Sunday, August 3, 2014

"Stepping into One's Truth"

Sometimes when you are in the middle of the storm it is hard to see your way out. It can be easy when in the middle of an emotional conflict to go with the emotions forgetting about all reasoning. The truth is that there are tools for us to use in learning how to deal with conflict without creating wounds for ourselves and others.

Often enough weather it was our parents who forgot to teach us or ourselves that didn't get the memo on stepping into our truths and personal power that seems to trip us up. What I mean by this is that we have to look at the whole situation and determine what is a lie or a truth in our own life to decided how to handle a confused situation. The only problem is that the ego will often get in the way making the territory murky when we are trying to navigate in finding our real truths. This is often hard when you are in the middle of a blow up with someone you are in a relationship with.

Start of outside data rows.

text \<open>With probability at least \<open>1 - \<beta>\<close> every empirical frequency is within
  \<open>c \<cdot> rate n \<beta>\<close> of the true one (Hoeffding's inequality and a union bound over the
  \<open>K\<close> atoms, with \<open>c\<^sup>2 = (1 + 2K)/2\<close>), so the empirical and true distributions are
  \<open>\<delta>\<close>-close in \<open>L\<^sup>1\<close> with \<open>\<delta> = K c \<cdot> rate n \<beta>\<close>. The randomized mapping and all
  marginalisations are \<open>L\<^sup>1\<close> contractions, so \<open>Delta\<close> moves by at most \<open>2\<delta>\<close>. The
  conditional label distributions given \<open>D = d\<close> have denominators at least \<open>2m\<close>, so they
  move by at most \<open>2\<delta>/m\<close>; and since the empirical conditional is at least \<open>m\<close>, the
  bound \<open>J \<le> \<epsilon>\<close> forces the target probability to be at least \<open>m/(1 + \<epsilon>)\<close>, so \<open>J\<close>
  moves by \<open>O(\<delta>)\<close>. For a single sample the hypotheses cannot hold: some label has
  empirical mass zero.\<close>

definition l1_dist :: "('a::finite \<Rightarrow> real) \<Rightarrow> ('a \<Rightarrow> real) \<Rightarrow> real" where
  "l1_dist P Q = (\<Sum>a\<in>UNIV. \<bar>P a - Q a\<bar>)"

lemma abs_sum_diff_le_l1_dist: "\<bar>sum P A - sum Q A\<bar> \<le> l1_dist P Q"
proof -
  have "\<bar>sum P A - sum Q A\<bar> \<le> (\<Sum>a\<in>A. \<bar>P a - Q a\<bar>)"
    by (metis sum_abs sum_subtractf)
  also have "\<dots> \<le> l1_dist P Q"
    unfolding l1_dist_def by (rule sum_mono2) auto
  finally show ?thesis .
qed

lemma l1_dist_le_card_mult:
  fixes P Q :: "'a::finite \<Rightarrow> real"
  assumes "\<forall>a. \<bar>P a - Q a\<bar> < t"
  shows "l1_dist P Q \<le> real CARD('a) * t"
  using assms sum_mono[of UNIV "\<lambda>a. \<bar>P a - Q a\<bar>" "\<lambda>_. t"] by (simp add: l1_dist_def less_imp_le)

lemma sum_UNIV_prod: "(\<Sum>z\<in>UNIV. f z) = (\<Sum>a\<in>UNIV. \<Sum>b\<in>UNIV. f (a, b))"
  by (simp add: sum.cartesian_product UNIV_Times_UNIV[symmetric] del: UNIV_Times_UNIV)

lemma marg_D_eq_sum: "marg_D P d = (\<Sum>b\<in>UNIV. P (d, b))"
  by (simp add: marg_D_def sum_UNIV_prod)

lemma marg_D_eq_marg_YD_add: "marg_D P d = marg_YD P y d + marg_YD P (\<not> y) d"
  by (cases y) (simp_all add: marg_D_def marg_YD_def UNIV_bool sum.distrib)

lemma marg_YD_nonneg: "(\<And>a. 0 \<le> P a) \<Longrightarrow> 0 \<le> marg_YD P y d"
  by (simp add: marg_YD_def sum_nonneg)

lemma marg_YD_le_marg_D: "(\<And>a. 0 \<le> P a) \<Longrightarrow> marg_YD P y d \<le> marg_D P d"
  using marg_D_eq_marg_YD_add[of P d y] marg_YD_nonneg[of P "\<not> y" d] by simp

lemma marg_D_eq_sum_range: "marg_D P d = sum P (range (Pair d))"
  by (subst sum.reindex) (auto simp: marg_D_eq_sum inj_on_def)

lemma marg_YD_eq_sum_range: "marg_YD P y d = sum P (range (\<lambda>x. (d, x, y)))"
  by (subst sum.reindex) (auto simp: marg_YD_def inj_on_def)

lemma marg_D_le_sum:
  fixes P :: "'d::finite \<times> 'x::finite \<times> bool \<Rightarrow> real"
  assumes "\<And>a. 0 \<le> P a"
  shows "marg_D P d \<le> sum P UNIV"
  unfolding marg_D_eq_sum_range using assms by (intro sum_mono2) auto

lemma abs_marg_YD_diff_le_l1_dist: "\<bar>marg_YD P y d - marg_YD Q y d\<bar> \<le> l1_dist P Q"
  unfolding marg_YD_eq_sum_range by (rule abs_sum_diff_le_l1_dist)

lemma abs_marg_D_diff_le_l1_dist: "\<bar>marg_D P d - marg_D Q d\<bar> \<le> l1_dist P Q"
  unfolding marg_D_eq_sum_range by (rule abs_sum_diff_le_l1_dist)

lemma Delta_marg_XY_le_l1_dist: "Delta (marg_XY P) (marg_XY Q) \<le> l1_dist P Q"
proof -
  have "Delta (marg_XY P) (marg_XY Q) \<le> (\<Sum>x\<in>UNIV. \<Sum>y\<in>UNIV. \<Sum>d\<in>UNIV. \<bar>P (d, x, y) - Q (d, x, y)\<bar>)"
    unfolding Delta_def marg_XY_def sum_subtractf[symmetric] by (intro sum_mono sum_abs)
  also have "\<dots> = (\<Sum>x\<in>UNIV. \<Sum>d\<in>UNIV. \<Sum>y\<in>UNIV. \<bar>P (d, x, y) - Q (d, x, y)\<bar>)"
    by (intro sum.cong refl sum.swap)
  also have "\<dots> = (\<Sum>d\<in>UNIV. \<Sum>x\<in>UNIV. \<Sum>y\<in>UNIV. \<bar>P (d, x, y) - Q (d, x, y)\<bar>)"
    by (rule sum.swap)
  also have "\<dots> = l1_dist P Q"
    by (simp add: l1_dist_def sum_UNIV_prod[of "\<lambda>z. \<bar>P z - Q z\<bar>"] sum_UNIV_prod[of "\<lambda>b. \<bar>P (_, b) - Q (_, b)\<bar>"])
  finally show ?thesis .
qed

lemma Delta_triangle: "Delta A C \<le> Delta A B + Delta B C"
  unfolding Delta_def sum.distrib[symmetric] by (intro sum_mono) linarith

lemma Delta_commute: "Delta A B = Delta B A"
  unfolding Delta_def by (simp add: abs_minus_commute)

lemma push_eq_sum: "push P M (d, b) = (\<Sum>a\<in>UNIV. P (d, a) * pmf (case_prod (M d) a) b)"
  by (simp add: push_def sum_UNIV_prod split: prod.split)

lemma push_nonneg: "(\<And>a. 0 \<le> P a) \<Longrightarrow> 0 \<le> push P M a"
  by (cases a) (simp add: push_eq_sum sum_nonneg)

lemma marg_D_push: "marg_D (push P M) d = marg_D P d"
proof -
  have "marg_D (push P M) d = (\<Sum>a\<in>UNIV. P (d, a) * (\<Sum>b\<in>UNIV. pmf (case_prod (M d) a) b))"
    unfolding marg_D_eq_sum push_eq_sum sum_distrib_left by (rule sum.swap)
  then show ?thesis by (simp add: marg_D_eq_sum sum_pmf_eq_1)
qed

So lets look at a situation that cause this kind of reaction finding the tangled end that leads to unraveling of the truth. Again it is determining what is the real truth or a lie in one's personal life. The example that I want to use is when someone offers a suggestion to help someone they care about but the other person takes it as a power play in trying to control their decisions. This creates a sense of persecution in the person trying to help and bruises the ego. Now the ego is hurt wanting to inflict a wound or bring up a wall as it responds out of pain. This only makes more chaos out of an already confused situation. Then the other person's ego gets into it and the two egos go to bat with each other.

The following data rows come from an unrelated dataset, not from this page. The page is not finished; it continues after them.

lemma uniform_limit_of_approximable:
  fixes f :: "'a \<Rightarrow> 'b::real_normed_vector"
  assumes "\<And>\<epsilon>. \<epsilon> > 0 \<Longrightarrow> \<exists>p\<in>P. \<forall>z\<in>S. norm (f z - p z) < \<epsilon>"
  shows "\<exists>p. (\<forall>n. p n \<in> P) \<and> uniform_limit S p f sequentially"
proof -
  have "\<forall>n. \<exists>q\<in>P. \<forall>z\<in>S. norm (f z - q z) < inverse (Suc n)"
    using assms by simp
  then obtain p where p: "\<And>n. p n \<in> P" and close: "\<And>n z. z \<in> S \<Longrightarrow> norm (f z - p n z) < inverse (Suc n)"
    by metis
  have "uniform_limit S p f sequentially"
  proof (rule uniform_limitI)
    fix \<epsilon> :: real assume "\<epsilon> > 0"
    then obtain N where N: "inverse (Suc N) < \<epsilon>"
      using reals_Archimedean by blast
    have "dist (p n z) (f z) < \<epsilon>" if "N \<le> n" "z \<in> S" for n z
    proof -
      have "inverse (real (Suc n)) \<le> inverse (Suc N)"
        using that(1) by (simp add: le_imp_inverse_le)
      then have "norm (f z - p n z) < \<epsilon>"
        using close[OF that(2), of n] N by linarith
      then show ?thesis
        by (simp add: dist_norm norm_minus_commute)
    qed
    then show "\<forall>\<^sub>F n in sequentially. \<forall>z\<in>S. dist (p n z) (f z) < \<epsilon>"
      unfolding eventually_sequentially by blast
  qed
  with p show ?thesis
    by blast
qed

theorem proposition3p1:
  fixes f :: "('i \<Rightarrow> complex) \<Rightarrow> complex"
  shows "(\<exists>p :: nat \<Rightarrow> ('i \<Rightarrow> complex) \<Rightarrow> complex.
            (\<forall>n. p n \<in> poly_funs) \<and> uniform_limit polydisc p f sequentially)
     \<longleftrightarrow> (continuous_on polydisc f \<and>
          (\<forall>i0. \<forall>z\<in>polydisc. (\<lambda>w. f (z(i0 := w))) \<in> disc_algebra))"
proof
  assume "\<exists>p. (\<forall>n. p n \<in> poly_funs) \<and> uniform_limit polydisc p f sequentially"
  then obtain p where p: "\<forall>n. p n \<in> poly_funs" "uniform_limit polydisc p f sequentially"
    by blast
  show "continuous_on polydisc f \<and> (\<forall>i0. \<forall>z\<in>polydisc. (\<lambda>w. f (z(i0 := w))) \<in> disc_algebra)"
    using continuous_on_uniform_limit_poly_funs[OF p] slice_in_disc_algebra_uniform_limit_poly_funs[OF p]
    by blast
next
  assume conditions: "continuous_on polydisc f \<and> (\<forall>i0. \<forall>z\<in>polydisc. (\<lambda>w. f (z(i0 := w))) \<in> disc_algebra)"
  have "\<exists>p\<in>poly_funs. \<forall>z\<in>polydisc. norm (f z - p z) < \<epsilon>" if "\<epsilon> > 0" for \<epsilon>
    using polydisc_approximable_by_poly_funs[OF conditions[THEN conjunct1] conditions[THEN conjunct2] that] .
  then show "\<exists>p. (\<forall>n. p n \<in> poly_funs) \<and> uniform_limit polydisc p f sequentially"
    by (rule uniform_limit_of_approximable)
qed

Okay taking a step back.  The real question for the person who offered the advice needs to find their own truth in why they offered it. Was it because they really wanted to help or that they were in fear wanting to have some control over the other person? Let's say in this case it was genuinely wanting to help the other person. This is the truth so now after looking at one's true motives the feeling of being persecuted is also genuine. The real lie is the idea of trying to control someone else and therefor is not real. That is where the power lies in finding the the real truth. This one questions allows a person to step into their own power owning up to their personal truth. Also this can swing the other way if the person wants to control the other person it allows them to recognize where they are coming from and to exam the fear.

Back to the person with the higher intentions. Once they own their own truth and step into their power they can then afford to give the other person grace as they can see if the other person is speaking out of old wounds or out of fear. The ego can now be released as compassion for the other person steps in. This is a huge game changer lessening the tension and creating a healing space for the other person to feel safe.  Through the changes in the thinking and reasoning it changes the energy of the relationship and things begin to shift in a more positive way of communicating.

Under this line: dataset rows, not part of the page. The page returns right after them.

lemma
  fixes \<mu> :: "'a measure" and g h :: "'a \<Rightarrow> 'a \<Rightarrow> real"
  assumes \<mu>: "sigma_finite_measure \<mu>"
    and [measurable]: "(\<lambda>(x, y). g x y) \<in> borel_measurable (\<mu> \<Otimes>\<^sub>M \<mu>)"
      "(\<lambda>(x, y). h x y) \<in> borel_measurable (\<mu> \<Otimes>\<^sub>M \<mu>)"
    and sym: "AE (x, y) in \<mu> \<Otimes>\<^sub>M \<mu>. g y x = g x y"
  shows integral_swap_symmetric_kernel:
      "(\<integral>(x, y). h y x * g x y \<partial>(\<mu> \<Otimes>\<^sub>M \<mu>)) = (\<integral>(x, y). h x y * g x y \<partial>(\<mu> \<Otimes>\<^sub>M \<mu>))"
    and integrable_swap_symmetric_kernel:
      "integrable (\<mu> \<Otimes>\<^sub>M \<mu>) (\<lambda>(x, y). h x y * g x y) \<Longrightarrow>
        integrable (\<mu> \<Otimes>\<^sub>M \<mu>) (\<lambda>(x, y). h y x * g x y)"
proof -
  interpret pair_sigma_finite \<mu> \<mu>
    by (intro pair_sigma_finite.intro \<mu>)
  have sym': "AE (x, y) in \<mu> \<Otimes>\<^sub>M \<mu>. h y x * g y x = h y x * g x y"
    using sym by (auto elim!: eventually_mono)
  have "(\<integral>(x, y). h y x * g x y \<partial>(\<mu> \<Otimes>\<^sub>M \<mu>)) = (\<integral>(x, y). h y x * g y x \<partial>(\<mu> \<Otimes>\<^sub>M \<mu>))"
    using sym' by (intro integral_cong_AE) (auto simp: split_beta')
  also have "\<dots> = (\<integral>(x, y). h x y * g x y \<partial>(\<mu> \<Otimes>\<^sub>M \<mu>))"
    by (rule integral_product_swap[of "\<lambda>(x, y). h x y * g x y", simplified]) measurable
  finally show "(\<integral>(x, y). h y x * g x y \<partial>(\<mu> \<Otimes>\<^sub>M \<mu>)) = (\<integral>(x, y). h x y * g x y \<partial>(\<mu> \<Otimes>\<^sub>M \<mu>))" .
  assume "integrable (\<mu> \<Otimes>\<^sub>M \<mu>) (\<lambda>(x, y). h x y * g x y)"
  then have "integrable (\<mu> \<Otimes>\<^sub>M \<mu>) (\<lambda>(x, y). h y x * g y x)"
    using integrable_product_swap[of "\<lambda>(x, y). h x y * g x y"] by simp
  then show "integrable (\<mu> \<Otimes>\<^sub>M \<mu>) (\<lambda>(x, y). h y x * g x y)"
  proof (rule integrable_cong_AE_imp)
    show "AE z in \<mu> \<Otimes>\<^sub>M \<mu>. (case z of (x, y) \<Rightarrow> h y x * g y x) = (case z of (x, y) \<Rightarrow> h y x * g x y)"
      using sym' by (simp add: split_beta')
  qed measurable
qed

lemma integral_abs_diff_symmetric_kernel:
  fixes \<mu> :: "real measure" and g :: "real \<Rightarrow> real \<Rightarrow> real"
  assumes \<mu>: "sigma_finite_measure \<mu>" and sets_\<mu>: "sets \<mu> = sets borel"
    and g: "(\<lambda>(x, y). g x y) \<in> borel_measurable (borel \<Otimes>\<^sub>M borel)"
    and sym: "AE (x, y) in \<mu> \<Otimes>\<^sub>M \<mu>. g y x = g x y"
    and int: "integrable (\<mu> \<Otimes>\<^sub>M \<mu>) (\<lambda>(x, y). x * g x y)"
  shows "(\<integral>(x, y). \<bar>x - y\<bar> * g x y \<partial>(\<mu> \<Otimes>\<^sub>M \<mu>)) =
    2 * (2 * (\<integral>(x, y). x * of_bool (y < x) * g x y \<partial>(\<mu> \<Otimes>\<^sub>M \<mu>))
         - (\<integral>(x, y). x * g x y \<partial>(\<mu> \<Otimes>\<^sub>M \<mu>))
         + (\<integral>(x, y). x * of_bool (y = x) * g x y \<partial>(\<mu> \<Otimes>\<^sub>M \<mu>)))"
proof -
  have sets[measurable_cong]: "sets (\<mu> \<Otimes>\<^sub>M \<mu>) = sets (borel \<Otimes>\<^sub>M borel)"
    using sets_\<mu> by (intro sets_pair_measure_cong)
  have [measurable]: "(\<lambda>(x, y). g x y) \<in> borel_measurable (\<mu> \<Otimes>\<^sub>M \<mu>)"
    using g by simp
  define A where "A = (\<integral>(x, y). x * of_bool (y < x) * g x y \<partial>(\<mu> \<Otimes>\<^sub>M \<mu>))"
  define B where "B = (\<integral>(x, y). x * of_bool (x < y) * g x y \<partial>(\<mu> \<Otimes>\<^sub>M \<mu>))"
  define C where "C = (\<integral>(x, y). x * of_bool (y = x) * g x y \<partial>(\<mu> \<Otimes>\<^sub>M \<mu>))"
  have int_x: "integrable (\<mu> \<Otimes>\<^sub>M \<mu>) (\<lambda>(x, y). x * of_bool (P x y) * g x y)"
    if [measurable]: "Measurable.pred (borel \<Otimes>\<^sub>M borel) (\<lambda>(x, y). P x y)" for P
  proof (rule Bochner_Integration.integrable_bound[OF int])
    show "AE z in \<mu> \<Otimes>\<^sub>M \<mu>. norm (case z of (x, y) \<Rightarrow> x * of_bool (P x y) * g x y) \<le> norm (case z of (x, y) \<Rightarrow> x * g x y)"
      by (intro AE_I2) (auto simp: split_beta' abs_mult)
  qed measurable
  have int_y: "integrable (\<mu> \<Otimes>\<^sub>M \<mu>) (\<lambda>(x, y). y * of_bool (P y x) * g x y)"
    if [measurable]: "Measurable.pred (borel \<Otimes>\<^sub>M borel) (\<lambda>(x, y). P x y)" for P
    by (intro integrable_swap_symmetric_kernel[where h = "\<lambda>x y. x * of_bool (P x y)", OF \<mu> _ _ sym, simplified]
        int_x) measurable
  have swap: "(\<integral>(x, y). y * of_bool (P y x) * g x y \<partial>(\<mu> \<Otimes>\<^sub>M \<mu>)) = (\<integral>(x, y). x * of_bool (P x y) * g x y \<partial>(\<mu> \<Otimes>\<^sub>M \<mu>))"
    if [measurable]: "Measurable.pred (borel \<Otimes>\<^sub>M borel) (\<lambda>(x, y). P x y)" for P
    by (intro integral_swap_symmetric_kernel[where h = "\<lambda>x y. x * of_bool (P x y)", OF \<mu> _ _ sym, simplified])
      measurable
  have "(\<integral>(x, y). \<bar>x - y\<bar> * g x y \<partial>(\<mu> \<Otimes>\<^sub>M \<mu>)) =
      (\<integral>(x, y). (x * of_bool (y < x) * g x y - y * of_bool (y < x) * g x y)
        + (y * of_bool (x < y) * g x y - x * of_bool (x < y) * g x y) \<partial>(\<mu> \<Otimes>\<^sub>M \<mu>))"
    by (intro Bochner_Integration.integral_cong) (auto simp: algebra_simps)
  also have "\<dots> = (A - B) + (A - B)"
    using int_x[of "\<lambda>x y. y < x"] int_x[of "\<lambda>x y. x < y"] int_y[of "\<lambda>x y. y < x"] int_y[of "\<lambda>x y. x < y"]
      swap[of "\<lambda>x y. y < x"] swap[of "\<lambda>x y. x < y"]
    by (simp add: A_def B_def split_beta')
  finally have lhs: "(\<integral>(x, y). \<bar>x - y\<bar> * g x y \<partial>(\<mu> \<Otimes>\<^sub>M \<mu>)) = 2 * (A - B)"
    by simp
  have "(\<integral>(x, y). x * g x y \<partial>(\<mu> \<Otimes>\<^sub>M \<mu>)) =
      (\<integral>(x, y). x * of_bool (y < x) * g x y + x * of_bool (x < y) * g x y + x * of_bool (y = x) * g x y \<partial>(\<mu> \<Otimes>\<^sub>M \<mu>))"
    by (intro Bochner_Integration.integral_cong) auto
  also have "\<dots> = A + B + C"
    using int_x[of "\<lambda>x y. y < x"] int_x[of "\<lambda>x y. x < y"] int_x[of "\<lambda>x y. y = x"]
    by (simp add: A_def B_def C_def split_beta')
  finally show ?thesis
    unfolding lhs A_def[symmetric] C_def[symmetric] by simp
qed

Just something else to think about... Sometimes we send mixed signals. What I mean is that we may have been raised in a household that has conflicting energy in making decisions. A good example of this is someone who tells you they don't like hamburgers and would never eat one on any occasion only to ask for one later saying that it is their favorite food. This is confusing and highly dysfunctional and if someone is raised in that kind of environment they will not have the right tools to find their own truth. Also this creates doubt and mistrust within someone with this background making it hard to even trust themselves. In this case it is important to identify to learn how to find the true motives of looking at things in deciding what is real or is a lie.  This is basics in trusting in oneself and in others. It is also very important to learn so that one can step into one's personal power.